I’m horrified and angry at the news coming out of Ferguson, Missouri. If you haven’t been following, this is the most concise summary I can give:
Michael Brown, age 18, was walking to his grandmother’s house when he was fatally shot, multiple times, by a police officer. Witness and official accounts diverge dramatically on what exactly happened during Brown’s killing, but it’s clear Brown was unarmed and his body was left in the street for hours after his death. Protests ensued, some peaceful, some not. The police are using tear gas and rubber bullets (and perhaps worse) on the protesters. Members of the national press have been ejected from Ferguson, sometimes forcibly, and the airspace has been declared a no-fly zone. Brown and his community are Black, but much of the county is white; the local police officers are more than 90% white. Much of the news coming out of Ferguson is via social media and alternative news outlets, like this livestreaming site.
It grieves and appalls me to be watching these events unfold, so much like similar incidents we’ve seen before. There is a long and heinous history in this country of the devaluation of Black life. It is related to the devaluation of the lives of other people of color (and other marginalized groups), but it is worst and most systematic for anyone who is Black (or appears so). Photos from the protests in Ferguson look distressingly like photos from the 1960s segregated South. Some things have improved since then, but it is clear from all these unnecessary deaths — and countless other incidents of aggression nearly anyone of a certain skin tone can recount — that not enough has. When citizens can’t walk the streets in peace and safety, freedom has failed.
Perhaps it’s that I’m a writer, but the press coverage (or lack thereof) of this situation has particularly upset me. Words aren’t everything, but they matter. How we tell stories matters. And the mainstream narrative here, and in other such cases, always pits official accounts against witness accounts, which, because we are a racist society, already reflects bias. Sometimes the stories actively portray the witnesses as unreliable (um, yeah, they’ve just seen someone killed), but the key point is, they don’t have to.
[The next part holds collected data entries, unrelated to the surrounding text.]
lemma curl_rot_killing:
  assumes x: "x \<in> U"
  shows "pd 1 (\<lambda>y. rot g K y 2) x - pd 2 (\<lambda>y. rot g K y 1) x
    - pd 1 (\<lambda>y. det2 (g y)) x / (2 * det2 (g x)) * rot g K x 2
    + pd 2 (\<lambda>y. det2 (g y)) x / (2 * det2 (g x)) * rot g K x 1 = 0"
proof -
  interpret sym_matrix2 "g x"
    by (rule sym_matrix2_metric[OF x])
  have pd_rot: "pd c (\<lambda>y. rot g K y c') x = pd c (\<lambda>y. g y c' 2) x * K x 1 + g x c' 2 * pd c (\<lambda>y. K y 1) x
     - (pd c (\<lambda>y. g y c' 1) x * K x 2 + g x c' 1 * pd c (\<lambda>y. K y 2) x)" for c c'
    unfolding rot_def using x by (simp add: pd_smooth)
  have "pd 1 (\<lambda>y. rot g K y 2) x - pd 2 (\<lambda>y. rot g K y 1) x
      - (\<Sum>e\<in>UNIV. christ g x e 1 e) * rot g K x 2 + (\<Sum>e\<in>UNIV. christ g x e 2 e) * rot g K x 1
      = det2 (g x) * (\<Sum>a\<in>UNIV. \<Sum>b\<in>UNIV. ginv g x a b * cov1 g K x a b)"
    unfolding pd_rot
    unfolding rot_def cov1_def christ_def ginv_eq_inv2[OF x]
    by (rule rotated_curl_eq_det_divergence) (rule pd_metric_sym[OF x])
  then show ?thesis
    using killing_divergence_free[OF x] trace_christ[OF x] by (simp add: sum_2)
qed

text \<open>Writing \<open>\<phi> = cov1 g K _ 1 2\<close>, the only independent component of \<open>\<nabla>K\<close>, the equation
  \<open>pd_cov1_killing\<close> expresses \<open>d\<phi>\<close> through \<open>\<phi>\<close>, the curvature and \<open>K\<close>; its integrability condition
  \<open>pd 1 (pd 2 \<phi>) = pd 2 (pd 1 \<phi>)\<close> is exactly \<open>K(R) = 0\<close>.\<close>

lemma killing_preserves_scal:
  assumes x: "x \<in> U"
  shows "(\<Sum>a\<in>UNIV. raise g K x a * pd a (scal g) x) = 0"
proof -
  define \<phi> where "\<phi> y = cov1 g K y 1 2" for y
  define Q where "Q c y = pd c (\<lambda>y. det2 (g y)) y / (2 * det2 (g y))" for c y
  define V where "V c y = rot g K y c" for c y
  have smooth: "smooth_on U \<phi>" "smooth_on U (Q c)" "smooth_on U (V c)" for c
    unfolding \<phi>_def Q_def V_def rot_def
    using det2_metric_pos by (auto intro!: smooth_on_divide[OF open_U] simp: less_le)
  have pd_\<phi>: "pd c \<phi> y = Q c y * \<phi> y + scal g y / 2 * V c y" if "y \<in> U" for c y
    unfolding \<phi>_def Q_def V_def using pd_cov1_killing[OF that] .
  have pd_pd_\<phi>: "pd c (pd c' \<phi>) x = pd c (Q c') x * \<phi> x + Q c' x * (Q c x * \<phi> x + scal g x / 2 * V c x)
      + (pd c (scal g) x * V c' x + scal g x * pd c (V c') x) / 2" for c c'
  proof -
    have "pd c (pd c' \<phi>) x = pd c (\<lambda>y. Q c' y * \<phi> y + scal g y / 2 * V c' y) x"
      by (rule pd_cong_open[OF open_U x]) (rule pd_\<phi>)
    also have "\<dots> = pd c (Q c') x * \<phi> x + Q c' x * pd c \<phi> x
        + (pd c (scal g) x * V c' x + scal g x * pd c (V c') x) / 2"
      using x smooth by (simp add: pd_smooth)
    finally show ?thesis
      using pd_\<phi>[OF x] by simp
  qed
  have "pd 1 (scal g) x * V 2 x - pd 2 (scal g) x * V 1 x
      = 2 * (pd 1 (pd 2 \<phi>) x - pd 2 (pd 1 \<phi>) x)
        - 2 * (pd 1 (Q 2) x - pd 2 (Q 1) x) * \<phi> x
        - scal g x * (pd 1 (V 2) x - pd 2 (V 1) x - Q 1 x * V 2 x + Q 2 x * V 1 x)"
    unfolding pd_pd_\<phi> by (simp add: field_simps)
  also have "\<dots> = 0"
    using pd_pd_commute[OF open_U smooth(1) x] pd_half_log_det_commute[OF x] curl_rot_killing[OF x]
    unfolding Q_def V_def by simp
  finally show ?thesis
    using det2_metric_pos[OF x]
    by (simp add: sum_2 raise_eq_rot[OF x] V_def field_simps)
qed

end

end

section \<open>The near-horizon equation\<close>

context sym_matrix2
begin

text \<open>Here \<open>HG\<close> is the Hessian of \<open>\<Gamma>\<close> forced by the Killing equation, \<open>P\<close> its covariant derivative
  computed from that formula by the Leibniz rule, and \<open>traced\<close> is the contracted Ricci identity.\<close>

lemma traced_commutator_imp_gradient_identity:
  fixes CX :: "idx \<Rightarrow> idx \<Rightarrow> real" and Gv Xv DS :: "idx \<Rightarrow> real" and Gam S lam :: real
    and P :: "idx \<Rightarrow> idx \<Rightarrow> idx \<Rightarrow> real"
  assumes CX: "\<And>a b. CX a b + CX b a = Xv a * Xv b + 2 * (lam - S/2) * G a b"
  defines "HG \<equiv> \<lambda>a b. - (1/2) * (Gv a * Xv b + Gv b * Xv a) - (1/2) * Gam * Xv a * Xv b - Gam * (lam - S/2) * G a b"
  assumes P: "\<And>c a b. P c a b = - (1/2) * (HG c a * Xv b + Gv a * CX c b + HG c b * Xv a + Gv b * CX c a)
      - (1/2) * (Gv c * Xv a * Xv b + Gam * CX c a * Xv b + Gam * Xv a * CX c b)
      - (Gv c * (lam - S/2) + Gam * (- (1/2) * DS c)) * G a b"
    and traced: "(\<Sum>c\<in>UNIV. \<Sum>b\<in>UNIV. inv2 G c b * (P c a b - P a c b)) = S/2 * Gv a"
  shows "(S - 2 * lam / 3) * Gv a + (2 * Gam / 3) * DS a
      = 2 * (\<Sum>b\<in>UNIV. (\<Sum>c\<in>UNIV. inv2 G b c * (Gam * Xv c + Gv c)) * ((1/2) * (CX a b - CX b a)))"
proof -
  define d where "d = det2 G"
  note adj = adj2_simps[of G, unfolded sym]
  have CX_diag: "CX 1 1 = (Xv 1 * Xv 1 + 2 * (lam - S/2) * G 1 1) / 2"
    "CX 2 2 = (Xv 2 * Xv 2 + 2 * (lam - S/2) * G 2 2) / 2"
    "CX 2 1 = Xv 1 * Xv 2 + 2 * (lam - S/2) * G 1 2 - CX 1 2"
    using CX[of 1 1] CX[of 2 2] CX[of 1 2] sym by (simp_all add: algebra_simps)
  define L where "L = (S - 2 * lam / 3) * Gv a + (2 * Gam / 3) * DS a
      - 2 * (\<Sum>b\<in>UNIV. (\<Sum>c\<in>UNIV. inv2 G b c * (Gam * Xv c + Gv c)) * ((1/2) * (CX a b - CX b a)))"
  define M where "M = (\<Sum>c\<in>UNIV. \<Sum>b\<in>UNIV. inv2 G c b * (P c a b - P a c b)) - S/2 * Gv a"
  have dL: "d * L = (S - 2 * lam / 3) * Gv a * d + (2 * Gam / 3) * DS a * d
      - 2 * (\<Sum>b\<in>UNIV. (\<Sum>c\<in>UNIV. adj2 G b c * (Gam * Xv c + Gv c)) * ((1/2) * (CX a b - CX b a)))"
    unfolding L_def inv2_def d_def using det_nonzero
    by (simp add: sum_2 field_simps)
  have dM: "d * M = (\<Sum>c\<in>UNIV. \<Sum>b\<in>UNIV. adj2 G c b * (P c a b - P a c b)) - d * (S/2 * Gv a)"
    unfolding M_def inv2_def d_def using det_nonzero
    by (simp add: sum_distrib_left sum_divide_distrib algebra_simps)
  have "d * L = - (4/3) * (d * M)"
    unfolding dL dM
    unfolding P HG_def d_def det2_def
    using exhaust_2[of a]
    by (elim disjE) (simp_all add: sum_2 adj sym CX_diag field_simps)
  moreover have "M = 0"
    unfolding M_def using traced by simp
  ultimately show ?thesis
    using det_nonzero unfolding L_def d_def by simp
qed

end

locale near_horizon_geometry = riemannian_chart +
  fixes X :: "pt \<Rightarrow> idx \<Rightarrow> real" and Gam :: "pt \<Rightarrow> real" and lam :: real
  assumes smooth_X [simp]: "smooth_on U (\<lambda>x. X x a)"
    and einstein: "x \<in> U \<Longrightarrow> ricci g x a b
        = (1/2) * X x a * X x b - (1/2) * (cov1 g X x a b + cov1 g X x b a) + lam * g x a b"
    and smooth_Gam [simp]: "smooth_on U Gam"
    and killing_K: "killing U g (\<lambda>x a. Gam x * X x a + pd a Gam x)"
begin

lemma sym_cov1_X:
  "y \<in> U \<Longrightarrow> cov1 g X y a b + cov1 g X y b a = X y a * X y b + 2 * (lam - scal g y / 2) * g y a b"
  using einstein[of y a b] ricci_eq_half_scal[of y a b] by algebra

lemma hessian_Gam:
  assumes y: "y \<in> U"
  shows "cov1 g (\<lambda>y b. pd b Gam y) y a b = - (1/2) * (pd a Gam y * X y b + pd b Gam y * X y a)
      - (1/2) * Gam y * X y a * X y b - Gam y * (lam - scal g y / 2) * g y a b"
proof -
  have cov1_K: "cov1 g (\<lambda>x a. Gam x * X x a + pd a Gam x) y a b
     = pd a Gam y * X y b + Gam y * cov1 g X y a b + cov1 g (\<lambda>y b. pd b Gam y) y a b" for a b
    unfolding cov1_def using y by (simp add: pd_smooth sum_2 algebra_simps)
  have hessian_sym: "cov1 g (\<lambda>y b. pd b Gam y) y b a = cov1 g (\<lambda>y b. pd b Gam y) y a b"
    unfolding cov1_def using pd_pd_commute[OF open_U smooth_Gam y, of a b] christ_sym[OF y] by simp
  have "cov1 g (\<lambda>x a. Gam x * X x a + pd a Gam x) y a b + cov1 g (\<lambda>x a. Gam x * X x a + pd a Gam x) y b a = 0"
    using killing_K y unfolding killing_def by blast
  then show ?thesis
    unfolding cov1_K hessian_sym using sym_cov1_X[OF y, of a b] by algebra
qed

lemma cov2_hessian_Gam:
  assumes x: "x \<in> U"
  shows "cov2 g (cov1 g (\<lambda>y b. pd b Gam y)) x c a b =
     - (1/2) * (cov1 g (\<lambda>y b. pd b Gam y) x c a * X x b + pd a Gam x * cov1 g X x c b
                + cov1 g (\<lambda>y b. pd b Gam y) x c b * X x a + pd b Gam x * cov1 g X x c a)
     - (1/2) * (pd c Gam x * X x a * X x b + Gam x * cov1 g X x c a * X x b + Gam x * X x a * cov1 g X x c b)
     - (pd c Gam x * (lam - scal g x / 2) + Gam x * (- (1/2) * pd c (scal g) x)) * g x a b"
proof -
  have pd_hessian: "pd c (\<lambda>y. cov1 g (\<lambda>y b. pd b Gam y) y a b) x
      = pd c (\<lambda>y. - (1/2) * (pd a Gam y * X y b + pd b Gam y * X y a)
         - (1/2) * Gam y * X y a * X y b - Gam y * (lam - scal g y / 2) * g y a b) x"
    by (rule pd_cong_open[OF open_U x]) (rule hessian_Gam)
  have pd_dGam: "pd c (\<lambda>y. pd a Gam y) x
      = cov1 g (\<lambda>y b. pd b Gam y) x c a + (\<Sum>d\<in>UNIV. christ g x d c a * pd d Gam x)" for a
    unfolding cov1_def by simp
  have pd_X: "pd c (\<lambda>y. X y a) x = cov1 g X x c a + (\<Sum>d\<in>UNIV. christ g x d c a * X x d)" for a
    unfolding cov1_def by simp
  show ?thesis
    unfolding cov2_def pd_hessian
    by (simp only: pd_smooth pd_const x smooth_on_intros smooth_on_const smooth_on_pd smooth_X smooth_Gam
        smooth_metric smooth_scal)
      (use x in \<open>simp add: pd_dGam pd_X pd_metric_eq_christ hessian_Gam sum_2 algebra_simps\<close>)
qed

lemma gradient_identity:
  assumes x: "x \<in> U"
  shows "(scal g x - 2 * lam / 3) * pd d Gam x + (2 * Gam x / 3) * pd d (scal g) x
           = 2 * (\<Sum>b\<in>UNIV. raise g (\<lambda>y a. Gam y * X y a + pd a Gam y) x b
                    * ((1/2) * (cov1 g X x d b - cov1 g X x b d)))"
proof -
  interpret sym_matrix2 "g x"
    by (rule sym_matrix2_metric[OF x])
  show ?thesis
    unfolding raise_def ginv_eq_inv2[OF x]
  proof (rule traced_commutator_imp_gradient_identity[where P = "cov2 g (cov1 g (\<lambda>y b. pd b Gam y)) x"])
    show "\<And>a b. cov1 g X x a b + cov1 g X x b a = X x a * X x b + 2 * (lam - scal g x / 2) * g x a b"
      by (rule sym_cov1_X[OF x])
    show "(\<Sum>c\<in>UNIV. \<Sum>b\<in>UNIV. inv2 (g x) c b * (cov2 g (cov1 g (\<lambda>y b. pd b Gam y)) x c d b
        - cov2 g (cov1 g (\<lambda>y b. pd b Gam y)) x d c b)) = scal g x / 2 * pd d Gam x"
      using traced_ricci_identity[OF x, of "\<lambda>y b. pd b Gam y" d] by (simp add: ginv_eq_inv2[OF x])
  qed (simp only: cov2_hessian_Gam[OF x] hessian_Gam[OF x])
qed

lemma lie_derivative_Gam_identity:
  assumes x: "x \<in> U"
  shows "(scal g x - 2 * lam / 3) * (\<Sum>a\<in>UNIV. raise g (\<lambda>y a. Gam y * X y a + pd a Gam y) x a * pd a Gam x) = 0"
proof -
  define k where "k a = raise g (\<lambda>y a. Gam y * X y a + pd a Gam y) x a" for a
  have "(scal g x - 2 * lam / 3) * (\<Sum>a\<in>UNIV. k a * pd a Gam x)
      = (\<Sum>d\<in>UNIV. k d * ((scal g x - 2 * lam / 3) * pd d Gam x + (2 * Gam x / 3) * pd d (scal g) x))
        - (2 * Gam x / 3) * (\<Sum>a\<in>UNIV. k a * pd a (scal g) x)"
    by (simp add: sum_2 algebra_simps)
  also have "\<dots> = (\<Sum>d\<in>UNIV. k d * (2 * (\<Sum>b\<in>UNIV. k b * ((1/2) * (cov1 g X x d b - cov1 g X x b d)))))"
    using killing_preserves_scal[OF killing_K x] unfolding k_def gradient_identity[OF x] by simp
  also have "\<dots> = 0"
    by (simp add: sum_2 algebra_simps)
  finally show ?thesis
    unfolding k_def .
qed

end

theorem mainTheorem6:
  fixes U :: "(real^2) set"
    and g :: "real^2 \<Rightarrow> 2 \<Rightarrow> 2 \<Rightarrow> real"
    and X :: "real^2 \<Rightarrow> 2 \<Rightarrow> real"
    and Gam :: "real^2 \<Rightarrow> real"
    and lam :: real
  assumes metric: "riem_metric U g"
    and X_smooth: "\<forall>a. smooth_on U (\<lambda>x. X x a)"
    and einstein: "\<forall>x\<in>U. \<forall>a b. ricci g x a b
        = (1/2) * X x a * X x b - (1/2) * (cov1 g X x a b + cov1 g X x b a) + lam * g x a b"
    and Gam_smooth: "smooth_on U Gam"
    and Gam_pos: "\<forall>x\<in>U. Gam x > 0"
    and Kill: "killing U g (\<lambda>x a. Gam x * X x a + pd a Gam x)"
  shows "(\<forall>x\<in>U. \<forall>d.
           (scal g x - 2 * lam / 3) * pd d Gam x + (2 * Gam x / 3) * pd d (scal g) x
           = 2 * (\<Sum>b\<in>UNIV. raise g (\<lambda>y a. Gam y * X y a + pd a Gam y) x b
                    * ((1/2) * (cov1 g X x d b - cov1 g X x b d)))) \<and>
         (\<forall>x\<in>U. (scal g x - 2 * lam / 3)
           * (\<Sum>a\<in>UNIV. raise g (\<lambda>y a. Gam y * X y a + pd a Gam y) x a * pd a Gam x) = 0)"
proof -
  interpret near_horizon_geometry U g X Gam lam
    using metric X_smooth einstein Gam_smooth Kill by unfold_locales (auto simp: riemannian_chart_def)
  show ?thesis
    using gradient_identity lie_derivative_Gam_identity by blast
qed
We as a society are already disposed to see young Black men as thugs, Black women as angry and in-your-face, Black communities as ghettoes, Black autonomy as dangerous. Any time the word of Black witnesses is placed against the word of a nonracialized (but usually white) “official” line, there is already complexity being suppressed. It sickens me that the family and friends of killed Black youth are always having to prove that they were good kids, good students, hard workers, responsible citizens. It shouldn’t be relevant. The reason we have police at all, the reason we have law, is so people can’t just go around killing anyone they deem suspicious or unworthy.
There is a normalization to stories like Mike Brown’s death, to the events playing out in Ferguson, as if dying and being shut down are simply what Black people are here to do. This normalization mirrors what happens with stories from Gaza or from Syria, from West Africa, from anywhere that isn’t right here right now. It is as if we accept that certain people just have to bear the burden of suffering, while the rest of us get to enjoy our lives. People, injustice concerns all of us. If it’s not you today, not in your neighborhood, it may be tomorrow.
I am not a protest-goer, and I have limited faith in petitions (though I often sign them anyway), so I write and speak because that is what I can do. As I wrote in my last diversity post, the power of the status quo is toward maintaining itself. If I don’t speak up, the dominant narrative will go on without me. But if I say something, even if it’s only seen by a hundred people, even if it’s only seen by one, I have done something to disrupt that dominant narrative. I’ve come to believe that change can begin that way. There are things going on in our world that should not be happening. See them. Ask why. Know how you feel. Tell people. Do something.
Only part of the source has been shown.